** Opening Data for this task block **

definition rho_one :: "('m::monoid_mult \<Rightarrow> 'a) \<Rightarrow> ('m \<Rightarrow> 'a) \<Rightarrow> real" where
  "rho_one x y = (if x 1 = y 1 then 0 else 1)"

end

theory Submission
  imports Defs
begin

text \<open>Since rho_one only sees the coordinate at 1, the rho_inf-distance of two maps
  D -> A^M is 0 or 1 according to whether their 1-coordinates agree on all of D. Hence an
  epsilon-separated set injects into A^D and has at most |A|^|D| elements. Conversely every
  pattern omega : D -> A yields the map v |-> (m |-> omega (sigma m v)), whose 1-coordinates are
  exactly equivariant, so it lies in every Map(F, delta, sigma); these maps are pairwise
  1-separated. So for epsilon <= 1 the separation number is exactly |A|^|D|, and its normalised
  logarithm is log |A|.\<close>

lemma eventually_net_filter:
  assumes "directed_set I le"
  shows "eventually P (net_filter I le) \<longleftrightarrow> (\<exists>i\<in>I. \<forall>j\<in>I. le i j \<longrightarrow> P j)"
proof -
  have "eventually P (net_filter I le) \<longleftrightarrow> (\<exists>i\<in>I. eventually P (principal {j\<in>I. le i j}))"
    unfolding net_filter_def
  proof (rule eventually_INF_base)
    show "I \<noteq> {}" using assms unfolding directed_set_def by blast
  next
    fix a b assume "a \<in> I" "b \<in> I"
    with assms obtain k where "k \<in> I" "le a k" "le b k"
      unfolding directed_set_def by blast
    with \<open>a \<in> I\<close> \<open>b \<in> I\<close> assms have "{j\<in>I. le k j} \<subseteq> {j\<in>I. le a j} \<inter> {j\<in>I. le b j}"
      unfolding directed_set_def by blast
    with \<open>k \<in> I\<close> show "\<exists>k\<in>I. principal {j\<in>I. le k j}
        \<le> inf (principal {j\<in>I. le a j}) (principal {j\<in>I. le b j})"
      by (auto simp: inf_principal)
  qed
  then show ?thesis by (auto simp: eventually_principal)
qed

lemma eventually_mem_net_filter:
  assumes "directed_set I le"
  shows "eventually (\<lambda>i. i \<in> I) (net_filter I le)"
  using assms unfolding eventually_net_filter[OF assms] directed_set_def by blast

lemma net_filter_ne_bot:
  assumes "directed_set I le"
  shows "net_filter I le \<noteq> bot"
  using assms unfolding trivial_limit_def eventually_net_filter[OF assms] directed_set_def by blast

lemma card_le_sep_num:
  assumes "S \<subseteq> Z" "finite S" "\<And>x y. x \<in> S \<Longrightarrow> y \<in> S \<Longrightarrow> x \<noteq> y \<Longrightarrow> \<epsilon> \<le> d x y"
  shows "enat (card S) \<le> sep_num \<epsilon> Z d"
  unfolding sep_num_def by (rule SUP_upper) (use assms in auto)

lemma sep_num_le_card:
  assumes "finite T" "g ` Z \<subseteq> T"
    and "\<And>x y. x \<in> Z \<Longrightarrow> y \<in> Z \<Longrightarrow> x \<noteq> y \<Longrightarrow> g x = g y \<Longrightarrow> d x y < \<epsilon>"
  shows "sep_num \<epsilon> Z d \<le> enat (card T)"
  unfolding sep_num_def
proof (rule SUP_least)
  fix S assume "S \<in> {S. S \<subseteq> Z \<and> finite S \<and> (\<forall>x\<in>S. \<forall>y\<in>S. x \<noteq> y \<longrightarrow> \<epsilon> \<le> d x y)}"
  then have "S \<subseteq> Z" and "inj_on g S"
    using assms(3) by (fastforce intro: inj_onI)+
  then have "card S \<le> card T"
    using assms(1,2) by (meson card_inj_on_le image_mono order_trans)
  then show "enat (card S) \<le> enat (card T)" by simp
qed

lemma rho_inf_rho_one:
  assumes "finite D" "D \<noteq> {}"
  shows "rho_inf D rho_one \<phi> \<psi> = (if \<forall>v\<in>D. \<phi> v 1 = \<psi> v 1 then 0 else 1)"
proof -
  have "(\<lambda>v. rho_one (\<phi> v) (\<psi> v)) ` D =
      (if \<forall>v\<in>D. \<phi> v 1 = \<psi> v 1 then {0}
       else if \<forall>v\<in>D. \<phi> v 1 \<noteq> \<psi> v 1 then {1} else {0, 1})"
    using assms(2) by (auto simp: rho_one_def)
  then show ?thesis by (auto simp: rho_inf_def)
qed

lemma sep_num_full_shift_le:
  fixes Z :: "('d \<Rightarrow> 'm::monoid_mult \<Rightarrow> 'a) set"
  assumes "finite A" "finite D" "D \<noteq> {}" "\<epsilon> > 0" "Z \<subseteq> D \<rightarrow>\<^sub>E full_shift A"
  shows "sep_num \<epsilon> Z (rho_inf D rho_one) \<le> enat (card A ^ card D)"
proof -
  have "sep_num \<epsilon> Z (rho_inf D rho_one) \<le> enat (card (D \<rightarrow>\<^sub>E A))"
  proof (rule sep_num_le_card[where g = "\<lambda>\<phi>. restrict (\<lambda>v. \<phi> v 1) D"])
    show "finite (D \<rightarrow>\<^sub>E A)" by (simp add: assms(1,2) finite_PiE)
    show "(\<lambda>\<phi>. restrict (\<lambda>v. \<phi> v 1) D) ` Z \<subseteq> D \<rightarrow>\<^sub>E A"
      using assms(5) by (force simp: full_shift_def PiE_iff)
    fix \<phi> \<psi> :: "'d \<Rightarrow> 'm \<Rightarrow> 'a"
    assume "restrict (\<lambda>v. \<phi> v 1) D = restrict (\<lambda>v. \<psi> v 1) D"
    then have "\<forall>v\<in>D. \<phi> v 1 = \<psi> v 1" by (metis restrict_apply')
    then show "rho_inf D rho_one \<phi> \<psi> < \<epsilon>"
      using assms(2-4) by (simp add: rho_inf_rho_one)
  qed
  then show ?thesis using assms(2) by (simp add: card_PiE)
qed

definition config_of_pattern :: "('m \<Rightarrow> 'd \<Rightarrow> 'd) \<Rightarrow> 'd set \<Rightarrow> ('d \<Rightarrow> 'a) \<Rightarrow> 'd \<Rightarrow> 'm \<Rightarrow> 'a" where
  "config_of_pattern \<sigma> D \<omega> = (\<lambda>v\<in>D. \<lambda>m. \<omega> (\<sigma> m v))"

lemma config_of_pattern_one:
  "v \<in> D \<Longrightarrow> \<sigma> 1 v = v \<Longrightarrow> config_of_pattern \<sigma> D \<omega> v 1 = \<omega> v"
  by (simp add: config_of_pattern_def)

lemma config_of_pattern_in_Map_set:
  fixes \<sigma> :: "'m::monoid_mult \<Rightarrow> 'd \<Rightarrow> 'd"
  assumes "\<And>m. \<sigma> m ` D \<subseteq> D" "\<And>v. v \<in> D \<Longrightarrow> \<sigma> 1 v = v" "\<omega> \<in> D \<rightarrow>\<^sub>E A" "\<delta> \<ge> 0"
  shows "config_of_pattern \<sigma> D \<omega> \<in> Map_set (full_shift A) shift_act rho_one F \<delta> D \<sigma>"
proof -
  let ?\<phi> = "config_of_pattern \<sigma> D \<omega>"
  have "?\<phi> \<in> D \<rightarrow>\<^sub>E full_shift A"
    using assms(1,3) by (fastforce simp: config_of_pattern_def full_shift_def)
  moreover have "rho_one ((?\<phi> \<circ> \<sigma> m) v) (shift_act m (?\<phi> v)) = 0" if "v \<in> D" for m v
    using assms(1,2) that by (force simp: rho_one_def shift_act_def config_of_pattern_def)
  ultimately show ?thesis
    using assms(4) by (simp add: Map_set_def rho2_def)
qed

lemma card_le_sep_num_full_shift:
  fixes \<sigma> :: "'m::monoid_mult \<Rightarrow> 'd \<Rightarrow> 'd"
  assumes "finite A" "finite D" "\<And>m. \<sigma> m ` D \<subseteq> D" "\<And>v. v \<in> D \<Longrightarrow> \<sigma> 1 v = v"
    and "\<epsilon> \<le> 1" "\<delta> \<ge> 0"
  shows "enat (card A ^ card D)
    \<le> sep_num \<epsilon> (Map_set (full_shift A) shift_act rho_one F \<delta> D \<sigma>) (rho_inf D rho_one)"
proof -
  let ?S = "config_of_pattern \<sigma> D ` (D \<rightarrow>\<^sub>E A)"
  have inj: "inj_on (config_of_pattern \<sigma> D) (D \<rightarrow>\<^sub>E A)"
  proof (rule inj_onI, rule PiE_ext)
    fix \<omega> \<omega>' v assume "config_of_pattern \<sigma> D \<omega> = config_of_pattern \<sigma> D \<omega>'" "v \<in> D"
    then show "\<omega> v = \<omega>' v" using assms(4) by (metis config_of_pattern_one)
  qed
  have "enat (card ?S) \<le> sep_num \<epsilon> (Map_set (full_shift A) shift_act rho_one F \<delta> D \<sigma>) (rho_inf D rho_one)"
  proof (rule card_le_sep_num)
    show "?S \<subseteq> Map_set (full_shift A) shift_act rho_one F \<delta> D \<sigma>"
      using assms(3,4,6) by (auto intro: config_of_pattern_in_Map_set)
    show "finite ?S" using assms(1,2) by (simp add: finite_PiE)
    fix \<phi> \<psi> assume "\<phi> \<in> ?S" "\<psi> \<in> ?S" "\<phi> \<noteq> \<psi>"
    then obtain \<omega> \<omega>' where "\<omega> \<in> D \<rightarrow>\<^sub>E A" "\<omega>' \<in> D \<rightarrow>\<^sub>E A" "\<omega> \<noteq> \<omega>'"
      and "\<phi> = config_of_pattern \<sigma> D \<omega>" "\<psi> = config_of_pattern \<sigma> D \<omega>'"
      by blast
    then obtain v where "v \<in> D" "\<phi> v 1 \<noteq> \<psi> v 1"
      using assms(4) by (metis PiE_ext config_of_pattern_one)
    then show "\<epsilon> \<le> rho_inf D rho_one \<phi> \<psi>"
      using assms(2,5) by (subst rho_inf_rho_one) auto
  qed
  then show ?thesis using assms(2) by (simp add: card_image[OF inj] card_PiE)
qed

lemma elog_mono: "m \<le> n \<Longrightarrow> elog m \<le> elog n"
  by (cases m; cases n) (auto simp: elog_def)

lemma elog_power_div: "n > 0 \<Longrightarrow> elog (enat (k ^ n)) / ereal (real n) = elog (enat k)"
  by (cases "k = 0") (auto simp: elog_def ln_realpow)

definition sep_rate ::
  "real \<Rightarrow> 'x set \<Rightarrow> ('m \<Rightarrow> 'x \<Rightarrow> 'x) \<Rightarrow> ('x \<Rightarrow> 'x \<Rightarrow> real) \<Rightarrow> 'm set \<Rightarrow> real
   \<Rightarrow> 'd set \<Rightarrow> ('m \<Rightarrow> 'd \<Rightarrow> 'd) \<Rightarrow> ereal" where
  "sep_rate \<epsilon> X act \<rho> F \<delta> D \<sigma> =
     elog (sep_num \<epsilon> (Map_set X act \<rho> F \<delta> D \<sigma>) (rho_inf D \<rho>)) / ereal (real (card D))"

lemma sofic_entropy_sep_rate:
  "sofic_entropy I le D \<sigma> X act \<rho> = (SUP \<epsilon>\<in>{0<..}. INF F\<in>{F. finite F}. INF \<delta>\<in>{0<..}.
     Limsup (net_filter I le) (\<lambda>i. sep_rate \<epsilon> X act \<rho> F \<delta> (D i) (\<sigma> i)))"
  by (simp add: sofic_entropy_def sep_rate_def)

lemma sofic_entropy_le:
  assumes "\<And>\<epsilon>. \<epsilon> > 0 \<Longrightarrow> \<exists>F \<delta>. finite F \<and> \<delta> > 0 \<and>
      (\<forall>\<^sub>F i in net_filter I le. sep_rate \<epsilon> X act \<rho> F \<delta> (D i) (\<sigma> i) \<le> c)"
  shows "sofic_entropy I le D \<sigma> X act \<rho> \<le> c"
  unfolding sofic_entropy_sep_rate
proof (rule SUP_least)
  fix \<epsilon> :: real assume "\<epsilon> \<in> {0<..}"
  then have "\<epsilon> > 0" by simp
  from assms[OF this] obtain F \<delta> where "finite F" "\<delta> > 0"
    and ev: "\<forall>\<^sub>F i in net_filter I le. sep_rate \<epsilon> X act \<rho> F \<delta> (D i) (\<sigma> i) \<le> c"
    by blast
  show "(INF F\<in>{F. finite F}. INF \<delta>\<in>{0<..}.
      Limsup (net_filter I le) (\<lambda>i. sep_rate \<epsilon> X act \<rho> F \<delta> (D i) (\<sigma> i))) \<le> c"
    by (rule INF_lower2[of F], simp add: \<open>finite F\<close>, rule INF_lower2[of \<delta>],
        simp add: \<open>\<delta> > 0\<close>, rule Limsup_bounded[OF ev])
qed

** Closing Data for this task block **

Reproduce every line from the entries that holds the word "with".

Response to this task
    with assms obtain k where "k \<in> I" "le a k" "le b k"
    with \<open>a \<in> I\<close> \<open>b \<in> I\<close> assms have "{j\<in>I. le k j} \<subseteq> {j\<in>I. le a j} \<inter> {j\<in>I. le b j}"
    with \<open>k \<in> I\<close> show "\<exists>k\<in>I. principal {j\<in>I. le k j}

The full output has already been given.